(* Fix an integer $k\ge 2$. For all but $O_k(N^{k-1})$ choices of positive integers $n_1<\cdots<n_k\le N$, the following holds for $F(x)=1+x^{n_1}+\cdots+x^{n_k}$: if $G(x)$ is any $0,1$-polynomial with the same number of terms as $F(x)$ (namely $k+1$) satisfying $F(x)\tilde F(x)=G(x)\tilde G(x)$, then $G(x)\in\{F(x),\tilde F(x)\}$.
   Context: A $0,1$-polynomial is a polynomial each of whose coefficients is $0$ or $1$. For nonzero $f(x)\in\mathbb{R}[x]$, $\tilde f(x)=x^{\deg f}f(1/x)$. The implied constant depends only on $k$. *)

theory Defs
  imports "HOL-Computational_Algebra.Polynomial"
begin

definition zero_one_poly :: "real poly \<Rightarrow> bool" where
  "zero_one_poly p \<longleftrightarrow> (\<forall>i. coeff p i = 0 \<or> coeff p i = 1)"

definition num_terms :: "real poly \<Rightarrow> nat" where
  "num_terms p = card {i. coeff p i \<noteq> 0}"

definition F_of :: "nat set \<Rightarrow> real poly" where
  "F_of S = 1 + (\<Sum>n\<in>S. monom 1 n)"

text \<open>The reciprocal polynomial x^(deg f) f(1/x) is the library's reflect_poly.\<close>
definition good_set :: "nat \<Rightarrow> nat set \<Rightarrow> bool" where
  "good_set k S \<longleftrightarrow> (\<forall>G. zero_one_poly G \<and> num_terms G = k + 1 \<and>
      F_of S * reflect_poly (F_of S) = G * reflect_poly G
      \<longrightarrow> G = F_of S \<or> G = reflect_poly (F_of S))"

end

theory Submission
  imports Defs
begin

text \<open>Only supports matter. For A = {0} \<union> S with maximum d, the support of F F~ is
  A + (d - A), and a 0,1-polynomial G with G G~ = F F~ has a support B with the same set of
  differences. If no c \<in> S satisfies a relation \<mu> c + z1 + z2 = y1 + y2 + y3 with \<mu> \<in> {1, 2}
  and the other terms in A - {c}, every positive difference of A is represented uniquely, and
  comparing the representations of the elements of B forces B = A or B = d - A. A set S
  violating this condition is determined, up to O_k(1) choices of c, by its other k - 1
  elements, so there are O_k(N^(k-1)) such sets.\<close>

definition coeff_support :: "'a::zero poly \<Rightarrow> nat set" where
  "coeff_support p = {i. coeff p i \<noteq> 0}"

lemma le_degree_if_in_coeff_support: "i \<in> coeff_support p \<Longrightarrow> i \<le> degree p"
  unfolding coeff_support_def by (simp add: le_degree)

lemma degree_in_coeff_support: "p \<noteq> 0 \<Longrightarrow> degree p \<in> coeff_support p"
  unfolding coeff_support_def by simp

lemma coeff_support_reflect_poly:
  "coeff_support (reflect_poly p) = (\<lambda>i. degree p - i) ` coeff_support p"
proof (intro equalityI subsetI)
  fix x assume "x \<in> coeff_support (reflect_poly p)"
  then have "x \<le> degree p" "degree p - x \<in> coeff_support p"
    by (auto simp: coeff_support_def coeff_reflect_poly split: if_splits)
  then show "x \<in> (\<lambda>i. degree p - i) ` coeff_support p"
    by (intro image_eqI[of _ _ "degree p - x"]) auto
next
  fix x assume "x \<in> (\<lambda>i. degree p - i) ` coeff_support p"
  then obtain i where i: "i \<in> coeff_support p" "x = degree p - i" by blast
  have "i \<le> degree p" using i(1) by (rule le_degree_if_in_coeff_support)
  with i show "x \<in> coeff_support (reflect_poly p)"
    by (simp add: coeff_support_def coeff_reflect_poly)
qed

lemma coeff_mult_eq_0_iff_nonneg:
  fixes p q :: "'a::linordered_semidom poly"
  assumes "\<And>i. coeff p i \<ge> 0" "\<And>i. coeff q i \<ge> 0"
  shows "coeff (p * q) n = 0 \<longleftrightarrow> (\<forall>i\<le>n. coeff p i = 0 \<or> coeff q (n - i) = 0)"
  unfolding coeff_mult by (subst sum_nonneg_eq_0_iff) (auto simp: assms)

lemma coeff_support_mult_reflect_poly:
  fixes p :: "'a::linordered_semidom poly"
  assumes "\<And>i. coeff p i \<ge> 0"
  shows "coeff_support (p * reflect_poly p) =
    {i + (degree p - j) | i j. i \<in> coeff_support p \<and> j \<in> coeff_support p}"
proof (intro equalityI subsetI)
  have nonneg: "\<And>i. coeff (reflect_poly p) i \<ge> 0" by (simp add: assms coeff_reflect_poly)
  {
    fix n assume "n \<in> coeff_support (p * reflect_poly p)"
    then obtain i
      where i: "i \<le> n" "i \<in> coeff_support p" "n - i \<in> coeff_support (reflect_poly p)"
      by (auto simp: coeff_support_def coeff_mult_eq_0_iff_nonneg[OF assms nonneg])
    then obtain j where "j \<in> coeff_support p" "n - i = degree p - j"
      by (auto simp: coeff_support_reflect_poly)
    with i show "n \<in> {i + (degree p - j) | i j. i \<in> coeff_support p \<and> j \<in> coeff_support p}"
      by (intro CollectI exI[of _ i] exI[of _ j]) auto
  next
    fix n assume "n \<in> {i + (degree p - j) | i j. i \<in> coeff_support p \<and> j \<in> coeff_support p}"
    then obtain i j
      where ij: "i \<in> coeff_support p" "j \<in> coeff_support p" "n = i + (degree p - j)"
      by blast
    then have "n - i \<in> coeff_support (reflect_poly p)" by (simp add: coeff_support_reflect_poly)
    with ij show "n \<in> coeff_support (p * reflect_poly p)"
      by (auto simp: coeff_support_def coeff_mult_eq_0_iff_nonneg[OF assms nonneg]
          intro!: exI[of _ i])
  }
qed

lemma zero_one_poly_eqI:
  assumes "zero_one_poly p" "zero_one_poly q" "coeff_support p = coeff_support q"
  shows "p = q"
proof (rule poly_eqI)
  fix i
  have "coeff p i \<noteq> 0 \<longleftrightarrow> coeff q i \<noteq> 0"
    using assms(3) by (auto simp: coeff_support_def)
  then show "coeff p i = coeff q i"
    using assms(1,2) unfolding zero_one_poly_def by (metis zero_neq_one)
qed

lemma zero_one_poly_nonneg: "zero_one_poly p \<Longrightarrow> coeff p i \<ge> 0"
  unfolding zero_one_poly_def by (metis order.refl zero_le_one)

lemma zero_one_poly_reflect_poly: "zero_one_poly p \<Longrightarrow> zero_one_poly (reflect_poly p)"
  by (simp add: zero_one_poly_def coeff_reflect_poly)

lemma coeff_F_of:
  assumes "finite S" "0 \<notin> S"
  shows "coeff (F_of S) i = (if i \<in> insert 0 S then 1 else 0)"
proof -
  have "coeff (F_of S) i = (if i = 0 then 1 else 0) + (\<Sum>n\<in>S. if n = i then 1 else 0)"
    by (simp add: F_of_def coeff_sum coeff_monom)
  also have "(\<Sum>n\<in>S. if n = i then 1 else 0 :: real) = (if i \<in> S then 1 else 0)"
    using assms(1) by (simp add: sum.delta)
  finally show ?thesis using assms(2) by auto
qed

lemma zero_one_poly_F_of: "finite S \<Longrightarrow> 0 \<notin> S \<Longrightarrow> zero_one_poly (F_of S)"
  by (simp add: zero_one_poly_def coeff_F_of)

lemma coeff_support_F_of: "finite S \<Longrightarrow> 0 \<notin> S \<Longrightarrow> coeff_support (F_of S) = insert 0 S"
  by (auto simp: coeff_support_def coeff_F_of)

definition relation_roots :: "nat set \<Rightarrow> nat set" where
  "relation_roots T = {c. \<exists>\<mu>\<in>{1, 2}. \<exists>y1\<in>insert 0 T. \<exists>y2\<in>insert 0 T. \<exists>y3\<in>insert 0 T.
     \<exists>z1\<in>insert 0 T. \<exists>z2\<in>insert 0 T. \<mu> * c + z1 + z2 = y1 + y2 + y3}"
□ □ □ □
### EXERCISE AIM
Please give the number of lines in the data above that include the string "blast", and nothing else.

### ANSWER TO THE PROBLEM
2